Zwei Stunden nach der Erklärung des endgültig gescheiterten Übernahmeversuchs verkündete Yahoo dann die Zusammenarbeit mit Google. Yahoo will in seiner Suchmaschine Anzeigen von Google platzieren lassen. Diese Werbebanner sollen dem Internetpionier jährlich rund 800 Millionen Dollar in die Kasse spülen. Yahoo hofft zudem, mit der Partnerschaft unzufriedene Großaktionäre zu besänftigen, die sich für einen Verkauf an Microsoft stark gemacht hatten. So hatte sich etwa der US-Milliardär Carl Icahn bei dem Internetportal eingekauft, um Microsoft zu einem Sieg zu verhelfen.
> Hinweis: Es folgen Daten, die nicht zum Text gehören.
lemma W_decomposition:
  assumes "x \<in> extensional {..<m}"
  shows "x \<in> W m \<longleftrightarrow> x \<in> upper_cube m \<or> (\<exists>k<m. x \<in> spike m k)"
proof
  assume xW: "x \<in> W m"
  then have unit: "x i \<in> {0..1}" if "i < m" for i
    using that unfolding W_def by (auto simp: PiE_iff)
  show "x \<in> upper_cube m \<or> (\<exists>k<m. x \<in> spike m k)"
  proof (cases "x \<in> upper_cube m")
    case False
    then obtain k where "k < m" "x k \<notin> {1/2..1}"
      by (auto simp: upper_cube_def)
    with unit have k: "k < m" "x k \<in> {0..<1/2}"
      by auto
    have "x j \<in> {1 - x k..1}" if "j < m" "j \<noteq> k" for j
      using W_sym[OF xW that(1) k(1) that(2)] unit[OF that(1)] by auto
    then have "x \<in> spike m k"
      using k by (auto simp: spike_def)
    with k show ?thesis by blast
  qed simp
next
  assume "x \<in> upper_cube m \<or> (\<exists>k<m. x \<in> spike m k)"
  then consider "x \<in> upper_cube m" | k where "k < m" "x \<in> spike m k" by blast
  then show "x \<in> W m"
  proof cases
    case 1
    then have half: "x i \<in> {1/2..1}" if "i < m" for i
      using that by (auto simp: upper_cube_def)
    have "x i \<in> {0..1}" if "i < m" for i
      using half[OF that] by simp
    moreover have "1 \<le> x i + x j" if "i < m" "j < m" for i j
      using half[OF that(1)] half[OF that(2)] by simp
    ultimately show ?thesis
      using assms by (auto simp: W_def PiE_iff)
  next
    case 2
    then have "x k \<in> {0..<1/2}" and others: "\<And>j. j < m \<Longrightarrow> j \<noteq> k \<Longrightarrow> x j \<in> {1 - x k..1}"
      by (auto simp: spike_def)
    then have "x i \<in> {0..1}" if "i < m" for i
      using that by (cases "i = k") fastforce+
    moreover have "1 \<le> x i + x j" if "i < m" "j < m" "i \<noteq> j" for i j
      using that \<open>x k \<in> {0..<1/2}\<close> others[of i] others[of j] by (cases "i = k \<or> j = k") auto
    ultimately show ?thesis
      using assms by (auto simp: W_def PiE_iff)
  qed
qed

(* A point lies in at most one spike: two coordinates below 1/2 would violate x_i + x_j \<ge> 1. *)
lemma spike_unique:
  assumes "x \<in> spike m k" "x \<in> spike m k'" "k' < m"
  shows "k = k'"
proof (rule ccontr)
  assume "k \<noteq> k'"
  then have "1 - x k \<le> x k'" using assms(1,3) by (auto simp: spike_def)
  moreover have "x k < 1/2" "x k' < 1/2" using assms(1,2) by (auto simp: spike_def)
  ultimately show False by linarith
qed

lemma indicator_W:
  assumes "x \<in> extensional {..<m}"
  shows "(indicator (W m) x :: 'a :: {comm_monoid_add, zero_neq_one})
       = indicator (upper_cube m) x + (\<Sum>k<m. indicator (spike m k) x)"
proof (cases "\<exists>k<m. x \<in> spike m k")
  case True
  then obtain k where k: "k < m" "x \<in> spike m k" by blast
  then have "x k < 1/2" by (simp add: spike_def)
  have "x \<notin> upper_cube m"
  proof
    assume "x \<in> upper_cube m"
    then have "1/2 \<le> x k" using k(1) by (simp add: upper_cube_def)
    with \<open>x k < 1/2\<close> show False by simp
  qed
  moreover have "(\<Sum>k'<m. indicator (spike m k') x :: 'a) = (\<Sum>k'<m. if k' = k then 1 else 0)"
  proof (intro sum.cong refl)
    fix k' assume "k' \<in> {..<m}"
    then have "x \<in> spike m k' \<longleftrightarrow> k' = k"
      using spike_unique[OF k(2), of k'] k(2) by blast
    then show "indicator (spike m k') x = (if k' = k then 1 else 0 :: 'a)"
      by (simp add: indicator_def)
  qed
  moreover have "x \<in> W m"
    using k W_decomposition[OF assms] by blast
  ultimately show ?thesis
    using k by simp
next
  case False
  then show ?thesis
    using W_decomposition[OF assms] by (simp add: indicator_def)
qed

lemma prod_indicator:
  assumes "finite I"
  shows "(\<Prod>i\<in>I. indicator (A i) (x i) :: 'a :: comm_semiring_1)
       = indicator {x. \<forall>i\<in>I. x i \<in> A i} x"
proof (cases "\<forall>i\<in>I. x i \<in> A i")
  case False
  then obtain i where i: "i \<in> I" "x i \<notin> A i" by blast
  then have "(\<Prod>i\<in>I. indicator (A i) (x i) :: 'a) = 0"
    using assms by (intro prod_zero bexI[of _ i]) auto
  with False show ?thesis by simp
qed simp

lemma prod_recip_on:
  assumes "finite I"
  shows "(\<Prod>i\<in>I. recip_on (A i) (x i))
       = (\<Prod>i\<in>I. ennreal (1 / x i)) * indicator {x. \<forall>i\<in>I. x i \<in> A i} x"
  unfolding recip_on_def prod.distrib prod_indicator[OF assms] ..

lemma integrand_decomposition:
  assumes "x \<in> extensional {..<m}"
  shows "ennreal (1 / (\<Prod>i<m. x i)) * indicator (W m) x
       = (\<Prod>i<m. recip_on {1/2..1} (x i))
         + (\<Sum>k<m. recip_on {0..<1/2} (x k) * (\<Prod>j\<in>{..<m}-{k}. recip_on {1 - x k..1} (x j)))"
proof -
  let ?R = "\<Prod>i<m. ennreal (1 / x i)"
  have lhs: "ennreal (1 / (\<Prod>i<m. x i)) * indicator (W m) x = ?R * indicator (W m) x"
  proof (cases "x \<in> W m")
    case True
    then have "0 \<le> 1 / x i" if "i < m" for i
      using that by (auto simp: W_def PiE_iff)
    then have "?R = ennreal (\<Prod>i<m. 1 / x i)"
      by (intro prod_ennreal) simp
    then show ?thesis
      by (simp add: prod_dividef)
  qed simp
  have cube: "(\<Prod>i<m. recip_on {1/2..1} (x i)) = ?R * indicator (upper_cube m) x"
    by (simp add: prod_recip_on upper_cube_def)
  have arm: "recip_on {0..<1/2} (x k) * (\<Prod>j\<in>{..<m}-{k}. recip_on {1 - x k..1} (x j))
           = ?R * indicator (spike m k) x" if "k < m" for k
  proof -
    define A where "A i = (if i = k then {0..<1/2} else {1 - x k..1})" for i
    have "(\<Prod>i<m. recip_on (A i) (x i)) = recip_on (A k) (x k) * (\<Prod>i\<in>{..<m}-{k}. recip_on (A i) (x i))"
      by (rule prod.remove) (use that in auto)
    also have "\<dots> = recip_on {0..<1/2} (x k) * (\<Prod>j\<in>{..<m}-{k}. recip_on {1 - x k..1} (x j))"
      by (auto simp: A_def intro!: prod.cong)
    finally have "recip_on {0..<1/2} (x k) * (\<Prod>j\<in>{..<m}-{k}. recip_on {1 - x k..1} (x j))
        = ?R * indicator {y. \<forall>i\<in>{..<m}. y i \<in> A i} x"
      by (simp add: prod_recip_on)
    also have "indicator {y. \<forall>i\<in>{..<m}. y i \<in> A i} x = (indicator (spike m k) x :: ennreal)"
      using that by (auto simp: indicator_def spike_def A_def)
    finally show ?thesis .
  qed
  have "ennreal (1 / (\<Prod>i<m. x i)) * indicator (W m) x
      = ?R * indicator (upper_cube m) x + (\<Sum>k<m. ?R * indicator (spike m k) x)"
    unfolding lhs unfolding indicator_W[OF assms] distrib_left sum_distrib_left ..
  also have "\<dots> = (\<Prod>i<m. recip_on {1/2..1} (x i))
         + (\<Sum>k<m. recip_on {0..<1/2} (x k) * (\<Prod>j\<in>{..<m}-{k}. recip_on {1 - x k..1} (x j)))"
    unfolding cube
  proof (intro arg_cong2[where f="(+)"] refl sum.cong)
    fix k assume "k \<in> {..<m}"
    then show "?R * indicator (spike m k) x
        = recip_on {0..<1/2} (x k) * (\<Prod>j\<in>{..<m}-{k}. recip_on {1 - x k..1} (x j))"
      by (intro arm[symmetric]) simp
  qed
  finally show ?thesis .
qed

lemma nn_integral_PiM_prod_power:
  fixes f :: "'b::euclidean_space \<Rightarrow> ennreal"
  assumes "finite I" "f \<in> borel_measurable borel"
  shows "(\<integral>\<^sup>+x. (\<Prod>i\<in>I. f (x i)) \<partial>PiM I (\<lambda>_. lborel)) = (\<integral>\<^sup>+y. f y \<partial>lborel) ^ card I"
proof -
  interpret product_sigma_finite "\<lambda>_::'a. lborel :: 'b measure" by standard
  show ?thesis
    using assms by (subst product_nn_integral_prod[of I "\<lambda>_. f"]) auto
qed

lemma nn_integral_PiM_spike:
  fixes f :: "'b::euclidean_space \<Rightarrow> ennreal" and g :: "'b \<Rightarrow> 'b \<Rightarrow> ennreal"
  assumes "finite I" "k \<in> I"
    and [measurable]: "f \<in> borel_measurable borel" "case_prod g \<in> borel_measurable (borel \<Otimes>\<^sub>M borel)"
  shows "(\<integral>\<^sup>+x. f (x k) * (\<Prod>j\<in>I-{k}. g (x k) (x j)) \<partial>PiM I (\<lambda>_. lborel))
       = (\<integral>\<^sup>+y. f y * (\<integral>\<^sup>+z. g y z \<partial>lborel) ^ (card I - 1) \<partial>lborel)"
proof -
  interpret P: product_sigma_finite "\<lambda>_::'a. lborel :: 'b measure" by standard
  have I: "I = insert k (I - {k})" and fin: "finite (I - {k})"
    using assms by auto
  have "(\<integral>\<^sup>+x. f (x k) * (\<Prod>j\<in>I-{k}. g (x k) (x j)) \<partial>PiM I (\<lambda>_. lborel))
      = (\<integral>\<^sup>+y. (\<integral>\<^sup>+x. f ((x(k:=y)) k) * (\<Prod>j\<in>I-{k}. g ((x(k:=y)) k) ((x(k:=y)) j))
            \<partial>PiM (I-{k}) (\<lambda>_. lborel)) \<partial>lborel)"
    by (subst I, rule P.product_nn_integral_insert_rev) (use fin in \<open>auto, measurable\<close>)
  also have "\<dots> = (\<integral>\<^sup>+y. f y * (\<integral>\<^sup>+x. (\<Prod>j\<in>I-{k}. g y (x j)) \<partial>PiM (I-{k}) (\<lambda>_. lborel)) \<partial>lborel)"
    by (intro nn_integral_cong, subst nn_integral_cmult[symmetric]) (auto intro!: nn_integral_cong)
  also have "\<dots> = (\<integral>\<^sup>+y. f y * (\<integral>\<^sup>+z. g y z \<partial>lborel) ^ (card I - 1) \<partial>lborel)"
    using assms by (simp add: nn_integral_PiM_prod_power[OF fin])
  finally show ?thesis .
qed

lemma upper_cube_integral:
  "(\<integral>\<^sup>+x. (\<Prod>i\<in>I. recip_on {1/2..1} (x i)) \<partial>PiM I (\<lambda>_. lborel)) = ennreal (ln 2 ^ card I)"
  if "finite I"
proof -
  have "(\<integral>\<^sup>+y. recip_on {1/2..1} y \<partial>lborel) = ennreal (ln 2)"
    using nn_integral_inverse_interval[of "1/2"] by (simp add: recip_on_def ln_div)
  then show ?thesis
    using that by (simp add: nn_integral_PiM_prod_power ennreal_power)
qed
Wie viel bei dem Deal für Google herausspringt, teilten die Unternehmen nicht mit - doch es dürfte sich für den Internetgiganten lohnen, der schon jetzt den Werbemarkt dominiert und bei den Suchanfragen nach Zahlen von Dezember mit einem Anteil von rund 62 Prozent führt. Yahoo steht mit knapp 13 Prozent an zweiter Stelle. Der Markt für Internetwerbung hatte 2007 insgesamt ein Volumen von rund 40 Milliarden Dollar und dürfte nach Schätzungen bis 2010 auf 75 Milliarden anwachsen.

Yahoo hatte die Google-Werbeanzeigen mitten im Abwehrkampf gegen Microsoft bereits getestet: Zwei Wochen lang im April erschien die vom Konkurrenten vermittelte Werbung neben den Suchergebnissen der Yahoo-Suchmaschine. Dabei zeigte sich, dass Yahoo auf diese Weise deutlich mehr Geld verdiente als mit der eigenen Werbeplattform. Die nun vereinbarte Kooperation läuft vier Jahre und kann auf zehn Jahre verlängert werden.

Yahoo und Google fürchten angesichts ihrer gemeinsamen Marktmacht allerdings offenbar Probleme mit den Kartellbehörden. Sie kündigten daher an, die Kooperation zunächst auf die USA und Kanada beschränken zu wollen. Auch soll die Yahoo-Seite weiter für selbst vermarktete Anzeigen offen bleiben.

Die Vorbereitungen der neuen Allianz von Yahoo und Google liefen teilweise offenbar sehr konspirativ ab: "Die unterhaltsamsten Gespräche waren diejenigen in Gebäuden von Yahoo an unbekannten und unauffindbaren Orten", erzählte Google-Chef Eric Schmidt. Demnach fuhren Google-Gründer Larry Page und andere Manager außerdem per Fahrrad zu den geheimen Treffen. Google-Mitbegründer Serge Brin bezeichnete es als "sehr aufregend", mit den Yahoo-Gründern David Filo und Jerry Yang zusammenzuarbeiten - mit ihnen hatte er an der Eliteuniversität Stanford kurzzeitig gemeinsam studiert.